Потом его охватили тревоги и страхи другого рода – уже не касавшиеся нашего, материального мира и оттого, пожалуй, еще более жуткие. Подобно многим провинциалам, вместо образования пробавлявшимся россказнями деревенских краснобаев, легендами и страшными сказками, д’Артаньян, признаемся, был суеверен (впрочем, в ту эпоху это касалось и людей не в пример более образованных). Глядя на мертвенно-белые лица статуй с пустыми слепыми глазницами, он поневоле вспомнил беарнские предания о древних истуканах, которые в особые ночи (например, в полнолуние, как сейчас) начинают ходить, перемещаться, охотиться за припозднившимися путниками… Что, если вон тот верзила, задрапированный в беломраморный плащ, с чем-то вроде пучка молний в руке, сейчас медленно-медленно повернет к нему свою трупную рожу, уставится бельмами, сойдет с невысокого пьедестала, неожиданно быстро метнется…

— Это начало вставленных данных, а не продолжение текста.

lemma trace_square_eq_sum_eigenvalues:
  fixes G :: "'a :: conjugatable_ordered_field mat"
  assumes G: "G \<in> carrier_mat n n" and cp: "char_poly G = (\<Prod>a\<leftarrow>ls. [:- a, 1:])"
  shows "trace (G * G) = (\<Sum>i<n. (ls ! i)^2)"
proof -
  obtain B P Q where "schur_decomposition G ls = (B, P, Q)"
    by (cases "schur_decomposition G ls") auto
  from schur_decomposition[OF G cp this]
  have sim: "similar_mat_wit G B P Q" and ut: "upper_triangular B" and diag: "diag_mat B = ls"
    by auto
  from similar_mat_witD2[OF G sim]
  have QP: "Q * P = 1\<^sub>m n" and GPBQ: "G = P * B * Q"
    and B: "B \<in> carrier_mat n n" and P: "P \<in> carrier_mat n n" and Q: "Q \<in> carrier_mat n n"
    by auto
  have "G * G = P * (B * B * Q)"
  proof -
    have "G * G = P * (B * (Q * P) * B * Q)"
      using B P Q by (simp add: GPBQ assoc_mult_mat[of _ n n _ n _ n])
    then show ?thesis using QP B by simp
  qed
  then have "trace (G * G) = trace (B * B * Q * P)"
    using trace_mult_comm[OF P, of "B * B * Q"] B Q by (simp add: assoc_mult_mat[of _ n n _ n _ n])
  also have "\<dots> = trace (B * B)"
    using QP B P Q by (simp add: assoc_mult_mat[of _ n n _ n _ n])
  also have "\<dots> = (\<Sum>i<n. (ls ! i)^2)"
    unfolding trace_square_upper_triangular[OF B ut] using diag B
    by (intro sum.cong refl) (auto simp: diag_mat_def)
  finally show ?thesis .
qed

lemma det_four_block_mat_one_right:
  fixes A :: "'a :: idom mat"
  assumes A: "A \<in> carrier_mat n n" and B: "B \<in> carrier_mat n m" and C: "C \<in> carrier_mat m n"
  shows "det (four_block_mat A B C (1\<^sub>m m)) = det (A - B * C)"
proof -
  let ?L = "four_block_mat (1\<^sub>m n) (- B) (0\<^sub>m m n) (1\<^sub>m m)"
  have "det ?L = 1"
    using B by (subst det_four_block_mat_lower_left_zero[of _ n _ m]) auto
  then have "det (four_block_mat A B C (1\<^sub>m m)) = det (?L * four_block_mat A B C (1\<^sub>m m))"
    using A B C by (simp add: det_mult[of _ "n + m"])
  also have "?L * four_block_mat A B C (1\<^sub>m m) = four_block_mat (A - B * C) (0\<^sub>m n m) C (1\<^sub>m m)"
    using A B C by (subst mult_four_block_mat[of _ n n _ m _ m]) (auto simp: minus_add_uminus_mat[symmetric, of _ n n])
  also have "det \<dots> = det (A - B * C)"
    using A B C by (subst det_four_block_mat_upper_right_zero[of _ n _ m]) auto
  finally show ?thesis .
qed

lemma det_four_block_mat_one_left:
  fixes D :: "'a :: idom mat"
  assumes B: "B \<in> carrier_mat n m" and C: "C \<in> carrier_mat m n" and D: "D \<in> carrier_mat m m"
  shows "det (four_block_mat (1\<^sub>m n) B C D) = det (D - C * B)"
proof -
  let ?R = "four_block_mat (1\<^sub>m n) (0\<^sub>m n m) (- C) (1\<^sub>m m)"
  have "det ?R = 1"
    using C by (subst det_four_block_mat_upper_right_zero[of _ n _ m]) auto
  then have "det (four_block_mat (1\<^sub>m n) B C D) = det (?R * four_block_mat (1\<^sub>m n) B C D)"
    using B C D by (simp add: det_mult[of _ "n + m"])
  also have "?R * four_block_mat (1\<^sub>m n) B C D = four_block_mat (1\<^sub>m n) B (0\<^sub>m m n) (D - C * B)"
    using B C D by (subst mult_four_block_mat[of _ n n _ m _ m])
      (auto simp: minus_add_uminus_mat[symmetric, of _ m m] add.commute)
  also have "det \<dots> = det (D - C * B)"
    using B C D by (subst det_four_block_mat_lower_left_zero[of _ n _ m]) auto
  finally show ?thesis .
qed

lemma char_poly_matrix_mult:
  assumes "X \<in> carrier_mat n m" "Y \<in> carrier_mat m n"
  shows "char_poly_matrix (X * Y) = [:0, 1:] \<cdot>\<^sub>m 1\<^sub>m n - map_mat (\<lambda>a. [:a:]) X * map_mat (\<lambda>a. [:a:]) Y"
  using assms by (intro eq_matI)
    (auto simp: char_poly_matrix_def scalar_prod_def mult_to_poly sum_to_poly mult.commute)

text \<open>Sylvester's determinant identity: \<open>XY\<close> and \<open>YX\<close> have the same nonzero eigenvalues.\<close>

lemma char_poly_mult_commute:
  fixes X :: "'a :: idom mat"
  assumes X: "X \<in> carrier_mat n m" and Y: "Y \<in> carrier_mat m n"
  shows "char_poly (X * Y) * [:0, 1:] ^ m = [:0, 1:] ^ n * char_poly (Y * X)"
proof -
  let ?x = "[:0, 1:] :: 'a poly"
  define Xp where "Xp = map_mat (\<lambda>a. [:a:]) X"
  define Yp where "Yp = map_mat (\<lambda>a. [:a:]) Y"
  have Xp: "Xp \<in> carrier_mat n m" and Yp: "Yp \<in> carrier_mat m n"
    using X Y by (auto simp: Xp_def Yp_def)
  define M1 where "M1 = four_block_mat (?x \<cdot>\<^sub>m 1\<^sub>m n) Xp Yp (1\<^sub>m m)"
  define M2 where "M2 = four_block_mat (1\<^sub>m n) Xp Yp (?x \<cdot>\<^sub>m 1\<^sub>m m)"
  define D1 where "D1 = four_block_mat (?x \<cdot>\<^sub>m 1\<^sub>m n) (0\<^sub>m n m) (0\<^sub>m m n) (1\<^sub>m m)"
  define D2 where "D2 = four_block_mat (1\<^sub>m n) (0\<^sub>m n m) (0\<^sub>m m n) (?x \<cdot>\<^sub>m 1\<^sub>m m)"
  have dM1: "det M1 = char_poly (X * Y)"
    unfolding M1_def char_poly_def char_poly_matrix_mult[OF X Y] Xp_def[symmetric] Yp_def[symmetric]
    by (rule det_four_block_mat_one_right[OF _ Xp Yp]) simp
  have dM2: "det M2 = char_poly (Y * X)"
    unfolding M2_def char_poly_def char_poly_matrix_mult[OF Y X] Xp_def[symmetric] Yp_def[symmetric]
    by (rule det_four_block_mat_one_left[OF Xp Yp]) simp
  have dD1: "det D1 = ?x ^ n" and dD2: "det D2 = ?x ^ m"
    unfolding D1_def D2_def by (subst det_four_block_mat_upper_right_zero[of _ n _ m]; simp)+
  have "M1 * D2 = D1 * M2"
    unfolding M1_def M2_def D1_def D2_def using Xp Yp
    by (subst mult_four_block_mat[of _ n n _ m _ m], auto, subst mult_four_block_mat[of _ n n _ m _ m], auto
        simp: mult_smult_distrib[of _ n m _ m] mult_smult_assoc_mat[of _ n n _ m])
  moreover have "M1 \<in> carrier_mat (n + m) (n + m)" "M2 \<in> carrier_mat (n + m) (n + m)"
    "D1 \<in> carrier_mat (n + m) (n + m)" "D2 \<in> carrier_mat (n + m) (n + m)"
    unfolding M1_def M2_def D1_def D2_def using Xp Yp by auto
  ultimately have "det M1 * det D2 = det D1 * det M2" by (metis det_mult)
  then show ?thesis using dM1 dM2 dD1 dD2 by simp
qed
lemma compact_metric_finite_partition:
  assumes "compact (UNIV :: 'a set)" and "e > 0"
  obtains C :: "nat \<Rightarrow> 'a::metric_space set" and n :: nat where
    "\<And>i. C i \<in> sets borel" "disjoint_family C" "(\<Union>i<n. C i) = UNIV"
    "\<And>i x y. x \<in> C i \<Longrightarrow> y \<in> C i \<Longrightarrow> dist x y \<le> e"
proof -
  obtain K where "finite K" "(UNIV :: 'a set) \<subseteq> (\<Union>x\<in>K. ball x (e / 2))"
    using seq_compact_imp_totally_bounded[OF compact_imp_seq_compact[OF assms(1)]] assms(2)
    by (metis half_gt_zero)
  moreover obtain n :: nat and f where "K = f ` {i. i < n}"
    using \<open>finite K\<close> unfolding finite_conv_nat_seg_image by blast
  ultimately have cover: "(\<Union>i<n. ball (f i) (e / 2)) = UNIV"
    by (auto simp: lessThan_def)
  define C where "C = disjointed (\<lambda>i. ball (f i) (e / 2))"
  have "range C \<subseteq> sets borel"
    unfolding C_def by (rule sets.range_disjointed_sets) auto
  then have "C i \<in> sets borel" for i
    by blast
  moreover have "disjoint_family C"
    unfolding C_def by (rule disjoint_family_disjointed)
  moreover have "(\<Union>i<n. C i) = UNIV"
    using cover by (simp add: C_def finite_UN_disjointed_eq flip: atLeast0LessThan)
  moreover have "dist x y \<le> e" if "x \<in> C i" "y \<in> C i" for i x y
  proof -
    have "dist (f i) x < e / 2" "dist (f i) y < e / 2"
      using that disjointed_subset[of "\<lambda>i. ball (f i) (e / 2)" i] by (auto simp: C_def)
    then show ?thesis
      using dist_triangle[of x y "f i"] by (simp add: dist_commute)
  qed
  ultimately show ?thesis
    by (rule that)
qed

section \<open>Minkowski's inequality with slack\<close>

lemma powr_add_le_weighted:
  fixes u v t p :: real
  assumes "u \<ge> 0" "v \<ge> 0" "0 < t" "t < 1" "p \<ge> 1"
  shows "(u + v) powr p \<le> t powr (1 - p) * u powr p + (1 - t) powr (1 - p) * v powr p"
proof -
  have weight_ge_1: "1 \<le> s powr (1 - p)" if "0 < s" "s \<le> 1" for s
    using powr_mono'[of "1 - p" 0 s] that assms(5) by simp
  have rescale: "s * (x / s) powr p = s powr (1 - p) * x powr p" if "0 < s" "x \<ge> 0" for s x
    using that by (simp add: powr_divide powr_diff)
  show ?thesis
  proof (cases "u = 0 \<or> v = 0")
    case True
    then show ?thesis
      using assms weight_ge_1[of t] weight_ge_1[of "1 - t"] by (auto simp: mult_le_cancel_right1)
  next
    case False
    then have "u / t > 0" "v / (1 - t) > 0"
      using assms by auto
    then have "((1 - (1 - t)) *\<^sub>R (u / t) + (1 - t) *\<^sub>R (v / (1 - t))) powr p
          \<le> (1 - (1 - t)) * (u / t) powr p + (1 - t) * (v / (1 - t)) powr p"
      using convex_onD[OF powr_convex[OF assms(5)], of "1 - t" "u / t" "v / (1 - t)"] assms by simp
    then show ?thesis
      using assms rescale[of t u] rescale[of "1 - t" v] by simp
  qed
qed

lemma powr_convex_weights_eq:
  fixes A B p :: real
  assumes "A > 0" "B > 0"
  shows "(A / (A + B)) powr (1 - p) * A powr p + (B / (A + B)) powr (1 - p) * B powr p = (A + B) powr p"
proof -
  have inverse_powr: "(A + B) powr (p - 1) = inverse ((A + B) powr (1 - p))"
    using powr_minus[of "A + B" "1 - p"] by simp
  have "(S / (A + B)) powr (1 - p) * S powr p = S * (A + B) powr (p - 1)" if "S > 0" for S
  proof -
    have "(S / (A + B)) powr (1 - p) * S powr p = (S powr (1 - p) * S powr p) / (A + B) powr (1 - p)"
      using that assms by (simp add: powr_divide)
    also have "S powr (1 - p) * S powr p = S"
      using that by (simp add: powr_add[symmetric])
    finally show ?thesis
      by (simp add: inverse_powr divide_inverse)
  qed
  then have "(A / (A + B)) powr (1 - p) * A powr p + (B / (A + B)) powr (1 - p) * B powr p
      = (A + B) * (A + B) powr (p - 1)"
    using assms by (simp add: distrib_right)
  also have "\<dots> = (A + B) powr p"
    using assms powr_add[of "A + B" 1 "p - 1"] by simp
  finally show ?thesis .
qed

text \<open>The slack \<open>d > 0\<close> keeps the convex weight \<open>A / (A + B)\<close> of the proof strictly between 0 and 1.\<close>
lemma nn_integral_powr_add_le:
  fixes f g :: "'b \<Rightarrow> real" and p a b d :: real
  assumes f: "f \<in> borel_measurable M" and g: "g \<in> borel_measurable M"
    and nonneg: "\<And>x. f x \<ge> 0" "\<And>x. g x \<ge> 0"
    and "p \<ge> 1" "a \<ge> 0" "b \<ge> 0" "d > 0"
    and f_le: "(\<integral>\<^sup>+ x. ennreal (f x powr p) \<partial>M) \<le> ennreal (a powr p)"
    and g_le: "(\<integral>\<^sup>+ x. ennreal (g x powr p) \<partial>M) \<le> ennreal (b powr p)"
  shows "(\<integral>\<^sup>+ x. ennreal ((f x + g x) powr p) \<partial>M) \<le> ennreal ((a + b + d) powr p)"
proof -
  define A B where "A = a + d / 2" and "B = b + d / 2"
  have "A > 0" "B > 0"
    using assms by (auto simp: A_def B_def)
  define t where "t = A / (A + B)"
  have t: "0 < t" "t < 1" "1 - t = B / (A + B)"
    using \<open>A > 0\<close> \<open>B > 0\<close> by (auto simp: t_def field_simps)
  have "(\<integral>\<^sup>+ x. ennreal ((f x + g x) powr p) \<partial>M)
     \<le> (\<integral>\<^sup>+ x. ennreal (t powr (1 - p)) * ennreal (f x powr p)
              + ennreal ((1 - t) powr (1 - p)) * ennreal (g x powr p) \<partial>M)"
    using powr_add_le_weighted[OF nonneg(1,2) t(1,2) \<open>p \<ge> 1\<close>]
    by (intro nn_integral_mono) (simp add: ennreal_mult[symmetric] ennreal_plus[symmetric] del: ennreal_plus)
  also have "\<dots> = ennreal (t powr (1 - p)) * (\<integral>\<^sup>+ x. ennreal (f x powr p) \<partial>M)
                  + ennreal ((1 - t) powr (1 - p)) * (\<integral>\<^sup>+ x. ennreal (g x powr p) \<partial>M)"
    using f g by (simp add: nn_integral_add nn_integral_cmult)
  also have "\<dots> \<le> ennreal (t powr (1 - p)) * ennreal (a powr p) + ennreal ((1 - t) powr (1 - p)) * ennreal (b powr p)"
    by (intro add_mono mult_left_mono f_le g_le) auto
  also have "\<dots> \<le> ennreal (t powr (1 - p) * A powr p + (1 - t) powr (1 - p) * B powr p)"
    using assms
    by (simp add: ennreal_mult[symmetric] ennreal_plus[symmetric] A_def B_def powr_mono2 add_mono
        mult_left_mono del: ennreal_plus)
  also have "t powr (1 - p) * A powr p + (1 - t) powr (1 - p) * B powr p = (A + B) powr p"
    using powr_convex_weights_eq[OF \<open>A > 0\<close> \<open>B > 0\<close>] t(3) by (simp add: t_def)
  also have "A + B = a + b + d"
    by (simp add: A_def B_def)
  finally show ?thesis .
qed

Проклятый лунный свет играл злые шутки – в изменчивых переливах серебристого сияния и угольно-черной мглы казалось, что белые статуи украдкой меняют позу, пока гасконец отводит от них растерянный взгляд, ухитряются чуть-чуть переместиться со зловещими замыслами, рельефные нимфы и сатиры поворачивают головенки, ища невидящим взглядом чужака, и все это языческое сборище едва слышно перешептывается меж собой, ожидая рокового часа полуночи, когда произойдет что-то определенно жуткое…
Сейчас живая и богатая фантазия, всегда свойственная д’Артаньяну, обернулась против своего хозяина, погружая в горячечный мир кошмаров. Вдобавок он вспомнил о легендах, с которыми познакомился уже в Париже, – рассказы о привидениях, порой навещающих древний Лувр. Взять хотя бы зловещего красного человечка, с завидным постоянством бродящего ночью по коридорам, когда французских королей ожидают скорые несчастья… Или белую даму…
Он судорожно сжал эфес шпаги, но облегчения и душевного успокоения это не принесло. Против потустороннего мира земное оружие бессильно. Что до духовного… Впервые в жизни д’Артаньян пожалел, что был столь нерадивым прихожанином и не помнил ни одной молитвы, надежно отгоняющей нечистую силу и прочие порождения тьмы. Даже "Патер ностер" он вряд ли смог бы произнести без запинки.
"Господи, – взмолился гасконец, прижавшись спиной к стене возле небольшой ниши. – Убереги меня от здешней чертовщины, и я, ей-же-ей, закажу по мессе во всех парижских соборах, а в Сен-Дени – целых три. И пожертвую на украшение алтаря аббатства Сен-Жермен де Пре золотую цепочку, которую выиграл в кости у шевалье де Бриссака, а церкви Сен-Северен принесу в дар сорок пистолей, выигранных в "Голове сарацина"… И никогда не буду больше…"
Тягучий стон, раздавшийся совсем рядом! Весь облитый холодным потом, д’Артаньян перекрестился, бормоча единственную запомнившуюся строчку: "…да расточатся враги его…"
Как и следовало ожидать, столь ничтожные познания в святом богословии не произвели увещевающего действия на объявившуюся совсем близко нечистую силу – стоны продолжались, к ним примешивались некие зловещие, ни на что не похожие звуки, словно бы жалобное оханье грешников в аду, возня и копошение, будто в углах собирались ждущие полуночи выходцы из преисподней…
Ожидание опасности во сто крат мучительнее самой опасности, зримой и ощутимой. Осознав это и горя желанием обрести хоть какую-то определенность, пусть даже невероятно пугающую, д’Артаньян, крестясь, двинулся в сторону источника неведомых звуков. Свернул направо, туда, где скрылись его спутники, крадучись, сделал с дюжину шагов вдоль стены, в сторону непонятных звуков, заглянул под арку дверного проема…
И облегченно вздохнул всем нутром, ощутив невероятную слабость – и несказанное облегчение.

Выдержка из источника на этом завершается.